I am rewriting this tutorial with Pytorch Lightning and within the following training_step:

    def training_step(self, batch, batch_idx):

        images = batch[0]
        targets = batch[1]

        loss_dict = self.model(images, targets)

        loss = torch.stack([loss for loss in loss_dict.values()])

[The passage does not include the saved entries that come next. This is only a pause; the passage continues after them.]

(* Let $d\ge1$, $f$ satisfy Assumption (F0) with $\frac{\alpha_2}{2+\alpha_2}\le\alpha_1$, $r_2=2+\alpha_2$, and let $r_0$ satisfy $\max(1,\frac{d\alpha_1}2)<r_0<2+\alpha_1$, $\frac12\le\frac{\alpha_1}{r_0}+\frac1{r_2}$, $1<\frac{\alpha_1+1}{r_0}+\frac1{r_2}$. Let $(\phi_j,\omega_j)_{j\in\mathbb N}$ satisfy Assumption (T1) with this $r_0$ and constant $a\in(0,1)$. Then there exist $c_1\in(0,a/2)$ and $C>0$, independent of the parameters $v_j,\gamma_j$, such that for every profile $R_\infty=\sum_jR_{\phi_j,\omega_j,0,v_j,\gamma_j}$ with $v_*:=\inf_{j\ne k}\sqrt{\omega_j}|v_k-v_j|$, the source term $H=f(R_\infty)-\sum_{j\in\mathbb N}f(R_j)$ satisfies $$\|H(t)\|_{L^\infty\cap L^{r_2'}}\le Ce^{-c_1v_*t}\qquad\forall t>0,$$ where $r_2'=r_2/(r_2-1)$.
   Context: Assumption (F0): $f(u)=g(|u|^2)u$, $g\in C^0([0,\infty),\mathbb R)\cap C^2((0,\infty),\mathbb R)$, $g(0)=0$, $|sg'(s)|+|s^2g''(s)|\le C_0(s^{\alpha_1/2}+s^{\alpha_2/2})$ for $s>0$, $0<\alpha_1\le\alpha_2<\alpha_{\max}$ ($\alpha_{\max}=\infty$ for $d=1,2$, $4/(d-2)$ for $d\ge3$). Bound state: nontrivial $\phi\in H^1(\mathbb R^d)$ with $\Delta\phi+f(\phi)=\omega\phi$, $\omega>0$. Soliton: $R_{\phi,\omega,x^0,v,\gamma}(t,x)=e^{i(\omega t+\frac12v\cdot x-\frac14|v|^2t+\gamma)}\phi(x-x^0-vt)$; $R_j=R_{\phi_j,\omega_j,0,v_j,\gamma_j}$. Assumption (T1): there are $0<a<1$, $D_a>0$ independent of $j$ with $|\phi_j(x)|+\omega_j^{-1/2}|\nabla\phi_j(x)|\le D_a\omega_j^{1/\alpha_1}e^{-a\omega_j^{1/2}|x|}$, and $r_0\ge1$, $\frac{d\alpha_1}2<r_0<2+\alpha_1$, with $\sum_j\omega_j^{\frac1{\alpha_1}-\frac d{2r_0}}<\infty$. *)

theory Defs
  imports "HOL-Analysis.Analysis"
begin

text \<open>Space dimension d = DIM('a); points of R^d are elements of a euclidean_space 'a.\<close>

definition pd :: "'a::euclidean_space \<Rightarrow> ('a \<Rightarrow> complex) \<Rightarrow> 'a \<Rightarrow> complex" where
  "pd b \<phi> x = vector_derivative (\<lambda>t::real. \<phi> (x + t *\<^sub>R b)) (at 0)"

definition gradnorm :: "('a::euclidean_space \<Rightarrow> complex) \<Rightarrow> 'a \<Rightarrow> real" where
  "gradnorm \<phi> x = sqrt (\<Sum>b\<in>Basis. (cmod (pd b \<phi> x))\<^sup>2)"

definition lap :: "('a::euclidean_space \<Rightarrow> complex) \<Rightarrow> 'a \<Rightarrow> complex" where
  "lap \<phi> x = (\<Sum>b\<in>Basis. pd b (pd b \<phi>) x)"

definition C2fun :: "('a::euclidean_space \<Rightarrow> complex) \<Rightarrow> bool" where
  "C2fun \<phi> \<longleftrightarrow> (\<forall>x. \<phi> differentiable (at x)) \<and>
     (\<forall>b\<in>Basis. continuous_on UNIV (pd b \<phi>) \<and> (\<forall>x. pd b \<phi> differentiable (at x)) \<and>
        (\<forall>b'\<in>Basis. continuous_on UNIV (pd b' (pd b \<phi>))))"

definition in_H1 :: "('a::euclidean_space \<Rightarrow> complex) \<Rightarrow> bool" where
  "in_H1 \<phi> \<longleftrightarrow> \<phi> \<in> borel_measurable lebesgue \<and>
     integrable lebesgue (\<lambda>x. (cmod (\<phi> x))\<^sup>2) \<and>
     (\<forall>b\<in>Basis. pd b \<phi> \<in> borel_measurable lebesgue) \<and>
     integrable lebesgue (\<lambda>x. (gradnorm \<phi> x)\<^sup>2)"

definition below_alpha_max :: "nat \<Rightarrow> real \<Rightarrow> bool" where
  "below_alpha_max d \<alpha> \<longleftrightarrow> (d \<le> 2 \<or> \<alpha> < 4 / (real d - 2))"

text \<open>Assumption (F0) on g (the nonlinearity is f(u) = g(|u|^2) u).\<close>
definition F0 :: "nat \<Rightarrow> (real \<Rightarrow> real) \<Rightarrow> real \<Rightarrow> real \<Rightarrow> bool" where
  "F0 d g \<alpha>1 \<alpha>2 \<longleftrightarrow>
     continuous_on {0..} g \<and> g 0 = 0 \<and>
     (\<forall>s>0. (g has_real_derivative deriv g s) (at s) \<and>
            (deriv g has_real_derivative deriv (deriv g) s) (at s)) \<and>
     continuous_on {0<..} (deriv (deriv g)) \<and>
     (\<exists>C0. \<forall>s>0. \<bar>s * deriv g s\<bar> + \<bar>s\<^sup>2 * deriv (deriv g) s\<bar>
                 \<le> C0 * (s powr (\<alpha>1 / 2) + s powr (\<alpha>2 / 2))) \<and>
     0 < \<alpha>1 \<and> \<alpha>1 \<le> \<alpha>2 \<and> below_alpha_max d \<alpha>2"

definition fnl :: "(real \<Rightarrow> real) \<Rightarrow> complex \<Rightarrow> complex" where
  "fnl g u = complex_of_real (g ((cmod u)\<^sup>2)) * u"

definition bound_state :: "(real \<Rightarrow> real) \<Rightarrow> ('a::euclidean_space \<Rightarrow> complex) \<Rightarrow> real \<Rightarrow> bool" where
  "bound_state g \<phi> \<omega> \<longleftrightarrow> 0 < \<omega> \<and> (\<exists>x. \<phi> x \<noteq> 0) \<and> in_H1 \<phi> \<and> C2fun \<phi> \<and>
     (\<forall>x. lap \<phi> x + fnl g (\<phi> x) = complex_of_real \<omega> * \<phi> x)"

definition soliton :: "('a::euclidean_space \<Rightarrow> complex) \<Rightarrow> real \<Rightarrow> 'a \<Rightarrow> real \<Rightarrow> real \<Rightarrow> 'a \<Rightarrow> complex" where
  "soliton \<phi> \<omega> v \<gamma> t x =
     exp (\<i> * complex_of_real (\<omega> * t + (1/2) * (v \<bullet> x) - (1/4) * (norm v)\<^sup>2 * t + \<gamma>))
       * \<phi> (x - t *\<^sub>R v)"

definition T1 :: "(nat \<Rightarrow> 'a::euclidean_space \<Rightarrow> complex) \<Rightarrow> (nat \<Rightarrow> real) \<Rightarrow> real \<Rightarrow> real \<Rightarrow> real \<Rightarrow> bool" where
  "T1 \<phi> \<omega> \<alpha>1 a r0 \<longleftrightarrow> 0 < a \<and> a < 1 \<and>
     (\<exists>D>0. \<forall>j x. cmod (\<phi> j x) + \<omega> j powr (-1/2) * gradnorm (\<phi> j) x
                 \<le> D * \<omega> j powr (1 / \<alpha>1) * exp (- a * sqrt (\<omega> j) * norm x)) \<and>
     1 \<le> r0 \<and> real DIM('a) * \<alpha>1 / 2 < r0 \<and> r0 < 2 + \<alpha>1 \<and>
     summable (\<lambda>j. \<omega> j powr (1 / \<alpha>1 - real DIM('a) / (2 * r0)))"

        loss[torch.isnan(loss)] = 10.0
        loss = loss.clamp(min=0.0, max=10.0)
        loss = loss.sum()

        for l_name, l_value in loss_dict.items():
            try:
                self.logger.experiment.add_scalar(
                    f"train_{l_name}", l_value, self.current_epoch
                )
            except RuntimeError:
                pass

        self.log("train_loss", loss)

        return loss

I get

tensorboard --logdir=trash/1606745694/tensorboard
GPU available: True, used: True
TPU available: False, using: 0 TPU cores
LOCAL_RANK: 0 - CUDA_VISIBLE_DEVICES: [0]
Using native 16bit precision.

  | Name        | Type             | Params
-------------------------------------------------
0 | model       | MaskRCNN         | 43 M  
1 | criterion   | MSELoss          | 0     
2 | criterion_1 | CrossEntropyLoss | 0     
3 | accuracy    | Accuracy         | 0     
Validation sanity check: 0it [00:00, ?it/s]/home/vitor/Projects/ocr/venv/lib/python3.8/site-packages/torch/nn/modules/loss.py:446: UserWarning: Using a target size (torch.Size([1, 420, 360])) that is different to the input size (torch.Size([10, 1, 420, 360])). This will likely lead to incorrect results due to broadcasting. Please ensure they have the same size.
  return F.mse_loss(input, target, reduction=self.reduction)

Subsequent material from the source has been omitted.